DATA:
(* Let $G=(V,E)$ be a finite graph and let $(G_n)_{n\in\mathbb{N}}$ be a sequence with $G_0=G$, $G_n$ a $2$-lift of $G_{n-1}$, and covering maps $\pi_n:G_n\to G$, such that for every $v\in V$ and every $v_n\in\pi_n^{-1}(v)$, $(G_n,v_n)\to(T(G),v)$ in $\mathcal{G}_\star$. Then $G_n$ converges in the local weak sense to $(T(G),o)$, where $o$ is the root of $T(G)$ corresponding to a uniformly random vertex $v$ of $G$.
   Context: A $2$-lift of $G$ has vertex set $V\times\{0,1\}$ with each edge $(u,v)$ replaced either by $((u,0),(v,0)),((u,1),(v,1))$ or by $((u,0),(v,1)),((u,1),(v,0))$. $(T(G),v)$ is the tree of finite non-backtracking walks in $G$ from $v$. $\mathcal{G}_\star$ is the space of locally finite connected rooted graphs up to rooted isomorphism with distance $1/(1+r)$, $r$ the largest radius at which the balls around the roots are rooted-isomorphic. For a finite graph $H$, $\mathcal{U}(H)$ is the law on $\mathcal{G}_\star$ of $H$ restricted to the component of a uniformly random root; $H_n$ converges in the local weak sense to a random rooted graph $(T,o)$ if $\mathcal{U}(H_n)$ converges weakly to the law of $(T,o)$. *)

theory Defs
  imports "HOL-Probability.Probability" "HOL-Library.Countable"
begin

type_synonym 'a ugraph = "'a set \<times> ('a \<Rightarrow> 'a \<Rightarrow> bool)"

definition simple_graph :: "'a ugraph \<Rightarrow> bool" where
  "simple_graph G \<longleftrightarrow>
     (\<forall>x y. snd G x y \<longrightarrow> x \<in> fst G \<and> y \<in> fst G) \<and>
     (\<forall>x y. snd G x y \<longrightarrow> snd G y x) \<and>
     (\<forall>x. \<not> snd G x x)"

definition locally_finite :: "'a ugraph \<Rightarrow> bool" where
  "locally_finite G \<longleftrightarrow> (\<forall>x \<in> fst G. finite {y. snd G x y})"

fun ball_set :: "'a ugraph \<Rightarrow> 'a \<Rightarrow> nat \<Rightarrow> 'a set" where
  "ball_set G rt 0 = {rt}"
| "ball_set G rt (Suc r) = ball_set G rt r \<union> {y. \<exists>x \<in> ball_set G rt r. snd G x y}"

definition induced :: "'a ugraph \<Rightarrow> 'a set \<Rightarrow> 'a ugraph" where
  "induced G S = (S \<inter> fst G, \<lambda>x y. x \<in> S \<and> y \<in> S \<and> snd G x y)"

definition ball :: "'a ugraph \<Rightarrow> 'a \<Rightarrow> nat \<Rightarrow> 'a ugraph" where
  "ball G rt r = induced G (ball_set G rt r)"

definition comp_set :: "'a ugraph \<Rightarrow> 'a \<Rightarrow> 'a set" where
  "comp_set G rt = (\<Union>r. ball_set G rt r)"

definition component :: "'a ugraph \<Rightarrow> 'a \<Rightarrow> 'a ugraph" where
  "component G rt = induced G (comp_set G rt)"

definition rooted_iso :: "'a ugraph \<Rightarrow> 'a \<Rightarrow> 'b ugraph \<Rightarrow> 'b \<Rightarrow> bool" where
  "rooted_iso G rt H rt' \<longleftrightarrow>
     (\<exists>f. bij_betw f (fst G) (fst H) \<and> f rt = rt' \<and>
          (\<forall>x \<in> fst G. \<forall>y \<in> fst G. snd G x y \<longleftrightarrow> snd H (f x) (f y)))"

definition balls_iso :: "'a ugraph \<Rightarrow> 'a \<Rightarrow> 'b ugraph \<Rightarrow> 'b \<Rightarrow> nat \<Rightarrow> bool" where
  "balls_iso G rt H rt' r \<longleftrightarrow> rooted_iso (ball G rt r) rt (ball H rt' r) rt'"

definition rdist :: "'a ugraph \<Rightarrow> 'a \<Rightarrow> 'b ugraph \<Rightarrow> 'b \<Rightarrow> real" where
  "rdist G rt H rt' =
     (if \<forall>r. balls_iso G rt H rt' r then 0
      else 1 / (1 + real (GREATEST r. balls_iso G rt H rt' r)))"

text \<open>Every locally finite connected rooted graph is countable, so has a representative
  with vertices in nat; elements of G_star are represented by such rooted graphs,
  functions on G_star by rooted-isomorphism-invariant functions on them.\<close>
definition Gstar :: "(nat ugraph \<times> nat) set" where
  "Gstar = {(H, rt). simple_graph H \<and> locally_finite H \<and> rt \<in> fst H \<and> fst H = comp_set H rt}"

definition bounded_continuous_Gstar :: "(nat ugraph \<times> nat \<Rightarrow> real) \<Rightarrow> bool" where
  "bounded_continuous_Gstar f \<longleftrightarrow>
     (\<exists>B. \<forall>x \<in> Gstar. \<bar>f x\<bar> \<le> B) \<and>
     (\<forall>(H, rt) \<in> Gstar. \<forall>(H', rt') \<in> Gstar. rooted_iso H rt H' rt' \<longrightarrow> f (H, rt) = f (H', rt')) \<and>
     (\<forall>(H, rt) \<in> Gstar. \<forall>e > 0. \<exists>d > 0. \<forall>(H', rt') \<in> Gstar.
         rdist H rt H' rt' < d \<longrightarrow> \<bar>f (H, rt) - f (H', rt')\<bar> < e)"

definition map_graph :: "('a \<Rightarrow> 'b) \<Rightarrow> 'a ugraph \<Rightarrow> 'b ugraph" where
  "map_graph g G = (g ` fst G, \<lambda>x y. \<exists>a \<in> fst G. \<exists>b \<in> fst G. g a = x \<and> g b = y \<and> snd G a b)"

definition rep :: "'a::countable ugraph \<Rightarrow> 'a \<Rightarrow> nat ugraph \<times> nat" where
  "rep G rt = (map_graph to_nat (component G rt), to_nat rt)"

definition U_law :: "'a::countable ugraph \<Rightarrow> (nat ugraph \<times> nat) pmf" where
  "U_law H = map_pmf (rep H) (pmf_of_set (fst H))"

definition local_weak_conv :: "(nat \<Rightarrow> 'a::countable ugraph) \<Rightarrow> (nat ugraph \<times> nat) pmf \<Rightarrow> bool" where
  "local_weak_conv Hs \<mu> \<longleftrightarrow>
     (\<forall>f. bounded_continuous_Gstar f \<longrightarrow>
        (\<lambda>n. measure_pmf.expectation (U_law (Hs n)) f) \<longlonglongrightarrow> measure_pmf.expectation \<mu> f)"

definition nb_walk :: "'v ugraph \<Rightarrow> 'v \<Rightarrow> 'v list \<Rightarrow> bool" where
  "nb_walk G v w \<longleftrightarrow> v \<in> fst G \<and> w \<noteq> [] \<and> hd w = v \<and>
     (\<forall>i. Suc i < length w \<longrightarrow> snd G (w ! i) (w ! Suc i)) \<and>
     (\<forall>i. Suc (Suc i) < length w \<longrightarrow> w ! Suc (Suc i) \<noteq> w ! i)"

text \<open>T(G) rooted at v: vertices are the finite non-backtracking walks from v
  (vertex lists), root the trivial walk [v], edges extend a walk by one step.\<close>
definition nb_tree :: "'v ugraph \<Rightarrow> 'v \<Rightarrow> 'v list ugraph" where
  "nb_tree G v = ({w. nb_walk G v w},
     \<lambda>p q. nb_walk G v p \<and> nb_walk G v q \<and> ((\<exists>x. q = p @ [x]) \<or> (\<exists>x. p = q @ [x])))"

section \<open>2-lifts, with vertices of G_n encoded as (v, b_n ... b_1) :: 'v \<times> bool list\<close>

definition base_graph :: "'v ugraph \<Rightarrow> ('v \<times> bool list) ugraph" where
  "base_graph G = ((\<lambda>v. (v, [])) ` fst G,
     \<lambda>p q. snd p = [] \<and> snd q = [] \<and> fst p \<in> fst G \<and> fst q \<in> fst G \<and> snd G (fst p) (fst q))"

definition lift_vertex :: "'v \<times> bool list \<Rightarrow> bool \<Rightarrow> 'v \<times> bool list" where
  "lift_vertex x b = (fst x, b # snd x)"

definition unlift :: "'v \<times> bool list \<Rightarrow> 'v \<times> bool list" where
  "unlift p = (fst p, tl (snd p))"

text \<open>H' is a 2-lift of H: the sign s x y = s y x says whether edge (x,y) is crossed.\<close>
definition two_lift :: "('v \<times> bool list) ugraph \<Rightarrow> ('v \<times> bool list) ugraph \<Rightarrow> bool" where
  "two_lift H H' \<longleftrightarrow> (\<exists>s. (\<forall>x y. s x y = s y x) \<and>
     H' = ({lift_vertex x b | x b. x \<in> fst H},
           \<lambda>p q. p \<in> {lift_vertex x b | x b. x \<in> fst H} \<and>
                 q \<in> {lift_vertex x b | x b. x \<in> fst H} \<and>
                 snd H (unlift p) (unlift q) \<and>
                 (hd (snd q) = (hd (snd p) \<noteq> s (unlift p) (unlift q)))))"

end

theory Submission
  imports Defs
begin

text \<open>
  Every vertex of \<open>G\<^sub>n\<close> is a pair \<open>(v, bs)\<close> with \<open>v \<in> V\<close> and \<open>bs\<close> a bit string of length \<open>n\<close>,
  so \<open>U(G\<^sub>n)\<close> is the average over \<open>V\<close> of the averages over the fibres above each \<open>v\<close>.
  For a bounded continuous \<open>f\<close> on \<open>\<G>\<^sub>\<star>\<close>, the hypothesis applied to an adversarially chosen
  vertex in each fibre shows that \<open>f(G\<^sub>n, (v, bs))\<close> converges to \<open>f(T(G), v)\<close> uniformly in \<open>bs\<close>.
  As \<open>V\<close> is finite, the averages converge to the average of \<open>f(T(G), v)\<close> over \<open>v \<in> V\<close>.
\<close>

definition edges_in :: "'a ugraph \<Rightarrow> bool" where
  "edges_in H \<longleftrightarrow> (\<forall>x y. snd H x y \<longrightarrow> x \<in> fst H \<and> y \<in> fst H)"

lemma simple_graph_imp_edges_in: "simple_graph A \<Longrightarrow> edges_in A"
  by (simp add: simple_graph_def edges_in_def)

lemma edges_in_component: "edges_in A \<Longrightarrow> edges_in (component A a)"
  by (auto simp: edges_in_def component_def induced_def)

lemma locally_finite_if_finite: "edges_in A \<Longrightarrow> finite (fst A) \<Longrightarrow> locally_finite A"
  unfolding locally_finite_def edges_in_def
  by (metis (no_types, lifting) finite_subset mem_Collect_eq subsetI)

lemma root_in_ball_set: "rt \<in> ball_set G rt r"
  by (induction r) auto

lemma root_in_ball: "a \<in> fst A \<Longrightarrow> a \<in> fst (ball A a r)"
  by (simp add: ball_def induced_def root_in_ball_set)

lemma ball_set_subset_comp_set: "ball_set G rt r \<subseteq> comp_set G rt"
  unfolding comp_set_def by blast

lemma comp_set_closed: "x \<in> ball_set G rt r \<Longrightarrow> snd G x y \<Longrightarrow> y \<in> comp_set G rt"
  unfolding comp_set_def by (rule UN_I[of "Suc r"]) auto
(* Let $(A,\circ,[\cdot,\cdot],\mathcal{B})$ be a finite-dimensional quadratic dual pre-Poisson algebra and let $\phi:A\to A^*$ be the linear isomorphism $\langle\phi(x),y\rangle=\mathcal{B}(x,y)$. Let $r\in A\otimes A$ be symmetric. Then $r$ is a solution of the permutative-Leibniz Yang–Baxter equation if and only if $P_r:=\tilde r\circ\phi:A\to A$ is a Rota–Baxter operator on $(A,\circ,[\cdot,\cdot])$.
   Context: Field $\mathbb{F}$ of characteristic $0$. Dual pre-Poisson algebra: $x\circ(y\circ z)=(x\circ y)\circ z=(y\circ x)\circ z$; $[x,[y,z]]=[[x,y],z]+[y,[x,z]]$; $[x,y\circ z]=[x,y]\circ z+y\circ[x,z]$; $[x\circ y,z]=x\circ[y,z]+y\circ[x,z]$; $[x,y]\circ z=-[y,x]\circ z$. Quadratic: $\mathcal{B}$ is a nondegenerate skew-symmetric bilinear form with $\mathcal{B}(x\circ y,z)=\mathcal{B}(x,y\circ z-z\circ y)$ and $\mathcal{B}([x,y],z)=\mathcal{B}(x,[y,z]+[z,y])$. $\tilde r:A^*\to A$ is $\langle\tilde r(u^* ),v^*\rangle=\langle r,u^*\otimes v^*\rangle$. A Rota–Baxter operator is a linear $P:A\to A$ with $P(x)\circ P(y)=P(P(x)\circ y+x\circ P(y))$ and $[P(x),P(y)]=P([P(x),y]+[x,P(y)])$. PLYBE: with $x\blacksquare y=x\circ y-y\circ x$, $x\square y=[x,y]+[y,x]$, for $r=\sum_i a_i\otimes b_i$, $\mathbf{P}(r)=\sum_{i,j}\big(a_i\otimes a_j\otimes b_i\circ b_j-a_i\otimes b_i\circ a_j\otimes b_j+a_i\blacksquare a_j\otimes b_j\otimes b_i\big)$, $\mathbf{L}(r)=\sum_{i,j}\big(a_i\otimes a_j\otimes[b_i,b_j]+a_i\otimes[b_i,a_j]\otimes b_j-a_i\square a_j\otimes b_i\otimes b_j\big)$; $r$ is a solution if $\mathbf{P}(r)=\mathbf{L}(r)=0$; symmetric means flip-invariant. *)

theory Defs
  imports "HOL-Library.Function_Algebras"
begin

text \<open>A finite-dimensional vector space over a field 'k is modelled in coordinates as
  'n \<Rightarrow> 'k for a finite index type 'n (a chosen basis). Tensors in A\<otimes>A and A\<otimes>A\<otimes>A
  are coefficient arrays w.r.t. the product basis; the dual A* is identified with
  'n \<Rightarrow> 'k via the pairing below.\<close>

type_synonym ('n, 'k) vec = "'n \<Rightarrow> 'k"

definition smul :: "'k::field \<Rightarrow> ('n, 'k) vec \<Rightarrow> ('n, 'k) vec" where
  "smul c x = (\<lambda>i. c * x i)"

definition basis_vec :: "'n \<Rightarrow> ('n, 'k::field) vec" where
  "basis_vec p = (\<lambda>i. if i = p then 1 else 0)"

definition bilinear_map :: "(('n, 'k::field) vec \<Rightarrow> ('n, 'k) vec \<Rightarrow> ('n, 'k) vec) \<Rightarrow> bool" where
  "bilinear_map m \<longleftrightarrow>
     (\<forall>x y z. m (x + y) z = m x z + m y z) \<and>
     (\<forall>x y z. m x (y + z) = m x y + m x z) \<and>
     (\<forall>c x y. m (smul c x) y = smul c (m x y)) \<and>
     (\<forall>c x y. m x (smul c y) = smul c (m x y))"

PROBLEM STATEMENT:
Work out the number of lines in the entries above that hold the word "imports", giving the number without comment.

THE COMPLETED TASK:
3